**The task**: Your task is to repeat exactly the lines below between the line holding "Residues mod N" and the line holding "dvd N \<and>", inclusive, and only those.
Input records: Begin
(* Suppose that $H$ has a $U_\ell$-operator, where $\ell$ is a prime dividing $N$ and $s\ge1$ is the $\ell$-adic valuation of $N$. Let $g,h$ be relatively prime divisors of $N$ not divisible by $\ell$, let $\chi\in X_N$, $\psi=\theta\chi^{-1}$, and let $t\le s$ be a positive integer such that $f_\chi$ divides $N/\ell^t$. If $t<s$, then $$U_\ell\,\alpha^{\ell^tg,h}_{\chi,\psi}=\ell\,\alpha^{\ell^{t-1}g,h}_{\chi,\psi},$$ and if $t=s$ (and $\ell^sg\neq N$ in case $H$ is cuspidal at zero), then $$(U_\ell-\chi^{-1}(\ell))\,\alpha^{\ell^sg,h}_{\chi,\psi}=(\ell-1)\,\alpha^{\ell^{s-1}g,h}_{\chi,\psi}.$$
   Context: $p$ is an odd prime, $M$ a positive integer with $p\nmid M\varphi(M)$, $N=Mp$, $\Delta=(\mathbb{Z}/N\mathbb{Z})^\times/\langle-1\rangle$. $H$ is either a space of level $N$ modular symbols — a $\mathbb{Z}_p[\Delta]$-module spanned by symbols $[u:v]$ ($u,v\in\mathbb{Z}/N\mathbb{Z}$ generating the unit ideal) with relations $[u:v]=[-u:-v]=-[-v:u]$, $[u:v]=[u:u+v]+[u+v:v]$, $\langle a\rangle[u:v]=[au:av]$ — or a space of level $N$ cuspidal-at-zero modular symbols, defined the same way but with symbols only for $u,v$ both nonzero and the second relation only for $u\neq-v$ (in that case symbols $[u:v]$ with $u=0$ or $v=0$ are interpreted as $0$). For a prime $\ell\mid N$, a $U_\ell$-operator is a $\mathbb{Z}_p[\Delta]$-linear endomorphism $U_\ell$ of $H$ with $U_\ell[\ell u:v]=\sum_{k=0}^{\ell-1}[u+kN/\ell:v]$ for all $u,v\in\mathbb{Z}/N\mathbb{Z}$ with $(\ell u,v)=(1)$ (and $\ell u\neq0$ if $H$ is cuspidal at zero); it is extended $\mathcal{O}$-linearly. $\theta:\Delta\to\mathbb{C}_p^\times$ is a character, $\mathcal{O}=\mathbb{Z}_p[\mu_{\varphi(N)}]$, $X_N=\mathrm{Hom}((\mathbb{Z}/N\mathbb{Z})^\times,\mathcal{O}^\times)$, $f_\chi$ is the conductor of $\chi$, and $\chi(\ell)$ is the value of the associated primitive Dirichlet character. $e_\theta=\frac1{\varphi(N)}\sum_a\theta^{-1}(a)\langle a\rangle$, $H^\theta=e_\theta(H\otimes\mathcal{O})$, and for relatively prime divisors $g,h$ of $N$, $\alpha^{g,h}_{\chi,\psi}=\frac1{\varphi(N)^2}\sum_{a,b\in(\mathbb{Z}/N\mathbb{Z})^\times}\chi^{-1}(a)\psi^{-1}(b)[ga:hb]$. *)

theory Defs
  imports "HOL-Computational_Algebra.Computational_Algebra" "HOL-Number_Theory.Number_Theory"
begin

text \<open>Coefficient ring: an abstract commutative ring 'r (standing in for O = Z_p[mu_phi(N)]).
  Residues mod N are represented by integers; everything is N-periodic.\<close>

definition ring_inv :: "'r::comm_ring_1 \<Rightarrow> 'r" where
  "ring_inv x = (SOME y. x * y = 1)"

definition unimod :: "nat \<Rightarrow> int \<Rightarrow> int \<Rightarrow> bool" where
  "unimod N u v \<longleftrightarrow> gcd (gcd u v) (int N) = 1"

definition units_mod :: "nat \<Rightarrow> int set" where
  "units_mod N = {a. 0 \<le> a \<and> a < int N \<and> coprime a (int N)}"

definition dchar :: "nat \<Rightarrow> (int \<Rightarrow> 'r::comm_ring_1) \<Rightarrow> bool" where
  "dchar N \<chi> \<longleftrightarrow> (\<forall>a. \<chi> a = \<chi> (a mod int N)) \<and> \<chi> 1 = 1 \<and>
     (\<forall>a b. coprime a (int N) \<longrightarrow> coprime b (int N) \<longrightarrow> \<chi> (a * b) = \<chi> a * \<chi> b) \<and>
     (\<forall>a. \<not> coprime a (int N) \<longrightarrow> \<chi> a = 0)"

definition cinv :: "nat \<Rightarrow> (int \<Rightarrow> 'r::comm_ring_1) \<Rightarrow> int \<Rightarrow> 'r" where
  "cinv N \<chi> a = (if coprime a (int N) then ring_inv (\<chi> a) else 0)"

definition conductor :: "nat \<Rightarrow> (int \<Rightarrow> 'r::comm_ring_1) \<Rightarrow> nat" where
  "conductor N \<chi> = (LEAST d. 0 < d \<and> d dvd N \<and>
      (\<forall>a. coprime a (int N) \<longrightarrow> [a = 1] (mod int d) \<longrightarrow> \<chi> a = 1))"

text \<open>Value at l of the primitive Dirichlet character associated to chi.\<close>
definition prim_val :: "nat \<Rightarrow> (int \<Rightarrow> 'r::comm_ring_1) \<Rightarrow> nat \<Rightarrow> 'r" where
  "prim_val N \<chi> l = (let f = conductor N \<chi> in
     if coprime (int l) (int f)
     then \<chi> (SOME a. coprime a (int N) \<and> [a = int l] (mod int f))
     else 0)"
Input records: End
**Expected answer**:
  Residues mod N are represented by integers; everything is N-periodic.\<close>

definition ring_inv :: "'r::comm_ring_1 \<Rightarrow> 'r" where
  "ring_inv x = (SOME y. x * y = 1)"

definition unimod :: "nat \<Rightarrow> int \<Rightarrow> int \<Rightarrow> bool" where
  "unimod N u v \<longleftrightarrow> gcd (gcd u v) (int N) = 1"

definition units_mod :: "nat \<Rightarrow> int set" where
  "units_mod N = {a. 0 \<le> a \<and> a < int N \<and> coprime a (int N)}"

definition dchar :: "nat \<Rightarrow> (int \<Rightarrow> 'r::comm_ring_1) \<Rightarrow> bool" where
  "dchar N \<chi> \<longleftrightarrow> (\<forall>a. \<chi> a = \<chi> (a mod int N)) \<and> \<chi> 1 = 1 \<and>
     (\<forall>a b. coprime a (int N) \<longrightarrow> coprime b (int N) \<longrightarrow> \<chi> (a * b) = \<chi> a * \<chi> b) \<and>
     (\<forall>a. \<not> coprime a (int N) \<longrightarrow> \<chi> a = 0)"

definition cinv :: "nat \<Rightarrow> (int \<Rightarrow> 'r::comm_ring_1) \<Rightarrow> int \<Rightarrow> 'r" where
  "cinv N \<chi> a = (if coprime a (int N) then ring_inv (\<chi> a) else 0)"

definition conductor :: "nat \<Rightarrow> (int \<Rightarrow> 'r::comm_ring_1) \<Rightarrow> nat" where
  "conductor N \<chi> = (LEAST d. 0 < d \<and> d dvd N \<and>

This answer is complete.